Если воспитание мальчиков оставалось почти исключительно прерогативой короля, то о принцессе Марии целиком заботилась мать. Еще в 1912 г. королева задумала выдать замуж дочь, которой в тот момент едва исполнилось пятнадцать лет. Ее предполагалось обручить с Эрнстом Августом Ганноверским, наследником герцога Брауншвейгского. Единственный потомок по мужской линии Георга III, он должен был воссоединить, как выражалась королева Мария, «старую династию», к которой по материнской линии принадлежала она сама, с династией Саксен-Гота-Кобургских, которым вскоре предстояло стать династией Виндзоров. Хотя Ганноверское королевство Эрнста Августа еще в 1866 г. было аннексировано Пруссией, юный принц тем не менее оставался вполне завидным женихом. «Он получит огромное состояние, — летом 1912 г. говорила королева Менсдорфу в Виндзоре, — да и в Англии у него, наверно, много чего есть». При этом она добавляла, что предпочла бы для дочери именно такого мужа, а не наследника престола из маленькой страны — вроде Греции, Румынии или Болгарии. Ее план так и не осуществился. Менее чем через год Эрнст Август женился на единственной дочери германского императора.

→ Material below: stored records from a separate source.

definition graph :: "'a set \<Rightarrow> ('a \<Rightarrow> 'a \<Rightarrow> bool) \<Rightarrow> bool" where
  "graph V E \<longleftrightarrow> finite V \<and> (\<forall>u v. E u v \<longrightarrow> u \<in> V \<and> v \<in> V)
     \<and> (\<forall>u v. E u v \<longrightarrow> E v u) \<and> (\<forall>u. \<not> E u u)"

definition connected_graph :: "'a set \<Rightarrow> ('a \<Rightarrow> 'a \<Rightarrow> bool) \<Rightarrow> bool" where
  "connected_graph V E \<longleftrightarrow> graph V E \<and> (\<forall>u\<in>V. \<forall>v\<in>V. E\<^sup>*\<^sup>* u v)"

definition nbrs :: "('a \<Rightarrow> 'a \<Rightarrow> bool) \<Rightarrow> 'a \<Rightarrow> 'a set" where
  "nbrs E u = {v. E u v}"

text \<open>Fitness of vertex u in configuration S (S = set of mutants).\<close>
definition fit :: "real \<Rightarrow> 'a set \<Rightarrow> 'a \<Rightarrow> real" where
  "fit r S u = (if u \<in> S then r else 1)"

text \<open>Offspring of u replaces v.\<close>
definition repl :: "'a set \<Rightarrow> 'a \<Rightarrow> 'a \<Rightarrow> 'a set" where
  "repl S u v = (if u \<in> S then insert v S else S - {v})"

text \<open>reach V E lam r t S: probability that the lambda-mixed Moran process started
in S is in state V (fixation) at some time \<le> t (V is absorbing). First-step analysis.\<close>
primrec reach :: "'a set \<Rightarrow> ('a \<Rightarrow> 'a \<Rightarrow> bool) \<Rightarrow> real \<Rightarrow> real \<Rightarrow> nat \<Rightarrow> 'a set \<Rightarrow> real" where
  "reach V E lam r 0 S = (if S = V then 1 else 0)"
| "reach V E lam r (Suc t) S =
     (if S = V then 1 else
        lam * (\<Sum>u\<in>V. \<Sum>v\<in>nbrs E u.
                  (fit r S u / (\<Sum>w\<in>V. fit r S w)) * (1 / real (card (nbrs E u)))
                  * reach V E lam r t (repl S u v))
      + (1 - lam) * (\<Sum>v\<in>V. \<Sum>u\<in>nbrs E v.
                  (1 / real (card V)) * (fit r S u / (\<Sum>w\<in>nbrs E v. fit r S w))
                  * reach V E lam r t (repl S u v)))"

definition fp :: "'a set \<Rightarrow> ('a \<Rightarrow> 'a \<Rightarrow> bool) \<Rightarrow> real \<Rightarrow> real \<Rightarrow> 'a set \<Rightarrow> real" where
  "fp V E lam r S = (SUP t. reach V E lam r t S)"

end

theory Submission
  imports Defs "Jordan_Normal_Form.Determinant"
begin

(* With r = 1 all vertices have the same fitness, so one step of the process moves from S to
   repl S u v with a probability edge_prob u v that depends only on the ordered edge (u, v), not
   on S.  Hence fp is harmonic for the one-step averaging operator step_mean away from the two
   absorbing states, with boundary values fp V = 1 and fp {} = 0, and on a connected graph a
   maximum principle shows that such a function is unique.  An additive set function
   S |-> (sum of w x over x in S) is harmonic as soon as w solves a square linear system whose
   columns sum to zero, and such a system has a nonzero solution.  By uniqueness the total weight
   of this solution is nonzero, and after normalisation the additive function equals fp. *)

lemma mat_column_sums_zero_imp_kernel:
  fixes A :: "'a::field mat"
  assumes A: "A \<in> carrier_mat n n" and "n > 0" and col: "\<And>j. j < n \<Longrightarrow> (\<Sum>i<n. A $$ (i, j)) = 0"
  shows "\<exists>v. v \<in> carrier_vec n \<and> v \<noteq> 0\<^sub>v n \<and> A *\<^sub>v v = 0\<^sub>v n"
proof -
  have "transpose_mat A *\<^sub>v vec n (\<lambda>_. 1) = 0\<^sub>v n"
    using A col by (intro eq_vecI) (auto simp: scalar_prod_def atLeast0LessThan)
  moreover have "vec n (\<lambda>_. 1) \<noteq> (0\<^sub>v n :: 'a vec)"
    using \<open>n > 0\<close> by (metis index_vec index_zero_vec(1) zero_neq_one)
  ultimately have "det (transpose_mat A) = 0"
    using A by (subst det_0_iff_vec_prod_zero_field) (auto intro!: exI[of _ "vec n (\<lambda>_. 1)"])
  then show ?thesis
    using A det_0_iff_vec_prod_zero_field[OF A] by (simp add: det_transpose)
qed

lemma zero_column_sums_imp_nontrivial_kernel:
  fixes c :: "'a \<Rightarrow> 'a \<Rightarrow> 'b::field"
  assumes "finite V" and "V \<noteq> {}" and "\<And>y. y \<in> V \<Longrightarrow> (\<Sum>x\<in>V. c x y) = 0"
  shows "\<exists>w. (\<forall>x\<in>V. (\<Sum>y\<in>V. c x y * w y) = 0) \<and> (\<exists>x\<in>V. w x \<noteq> 0)"
proof -
  obtain xs where "set xs = V" and "distinct xs"
    using finite_distinct_list[OF \<open>finite V\<close>] by blast
  define n where "n = length xs"
  have bij: "bij_betw ((!) xs) {..<n} V"
    using \<open>distinct xs\<close> \<open>set xs = V\<close> by (intro bij_betw_nth) (auto simp: n_def)
  have sum_V: "(\<Sum>x\<in>V. g x) = (\<Sum>i<n. g (xs ! i))" for g :: "'a \<Rightarrow> 'b"
    using sum.reindex_bij_betw[OF bij, of g] by simp
  define A where "A = mat n n (\<lambda>(i, j). c (xs ! i) (xs ! j))"
  have "n > 0"
    using \<open>V \<noteq> {}\<close> \<open>set xs = V\<close> by (auto simp: n_def)
  moreover have "(\<Sum>i<n. A $$ (i, j)) = 0" if "j < n" for j
    using assms(3)[of "xs ! j"] bij_betw_apply[OF bij] that by (simp add: A_def sum_V)
  ultimately obtain v where v: "v \<in> carrier_vec n" "v \<noteq> 0\<^sub>v n" "A *\<^sub>v v = 0\<^sub>v n"
    using mat_column_sums_zero_imp_kernel[of A n] by (auto simp: A_def)
  define w where "w x = v $ inv_into {..<n} ((!) xs) x" for x
  have w_nth: "w (xs ! i) = v $ i" if "i < n" for i
    using bij that by (simp add: w_def bij_betw_inv_into_left)
  have "(\<Sum>y\<in>V. c x y * w y) = 0" if "x \<in> V" for x
  proof -
    obtain i where "i < n" and "x = xs ! i"
      using bij \<open>x \<in> V\<close> by (metis bij_betw_imp_surj_on imageE lessThan_iff)
    then have "(\<Sum>y\<in>V. c x y * w y) = (A *\<^sub>v v) $ i"
      using v(1) by (simp add: sum_V w_nth A_def scalar_prod_def atLeast0LessThan)
    then show ?thesis
      using v(3) \<open>i < n\<close> by simp
  qed
  moreover have "\<exists>x\<in>V. w x \<noteq> 0"
  proof (rule ccontr)
    assume "\<not> (\<exists>x\<in>V. w x \<noteq> 0)"
    then have "v $ i = 0" if "i < n" for i
      using w_nth[OF that] bij_betw_apply[OF bij] that by auto
    then have "v = 0\<^sub>v n"
      using v(1) by (intro eq_vecI) auto
    then show False
      using v(2) by contradiction
  qed
  ultimately show ?thesis
    by blast
qed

Война положила конец подобным династическим бракам, и почти десятилетие спустя принцесса Мария вышла замуж за йоркширского землевладельца, который был на пятнадцать лет ее старше, — виконта Лашеля, наследника пятого графа Хэрвуда. Еще не успев получить фамильные поместья, он стал наследником огромного состояния в несколько миллионов фунтов, завещанного ему эксцентричным двоюродным дедушкой лордом Клэнрикардом. Король разделял со своим зятем его увлечение скачками, королева — его интерес к картинам и мебели. «Поскольку она моя единственная дочь, — писал король, — я очень боялся ее потерять, но, слава Богу, она будет жить в Англии». Он предлагал зятю и дочери титул маркиза, но они предпочли носить графский титул, считая, что маркизы быстрее умирают. Однако в 1932 г. Георг с большим удовольствием пожаловал Марии титул цесаревны. Королеве, со своей стороны, очень нравились регулярные визиты в Хэрвуд, откуда она могла совершать вылазки в другие загородные дома и опустошать богатые антикварные магазины Харрогита.[125]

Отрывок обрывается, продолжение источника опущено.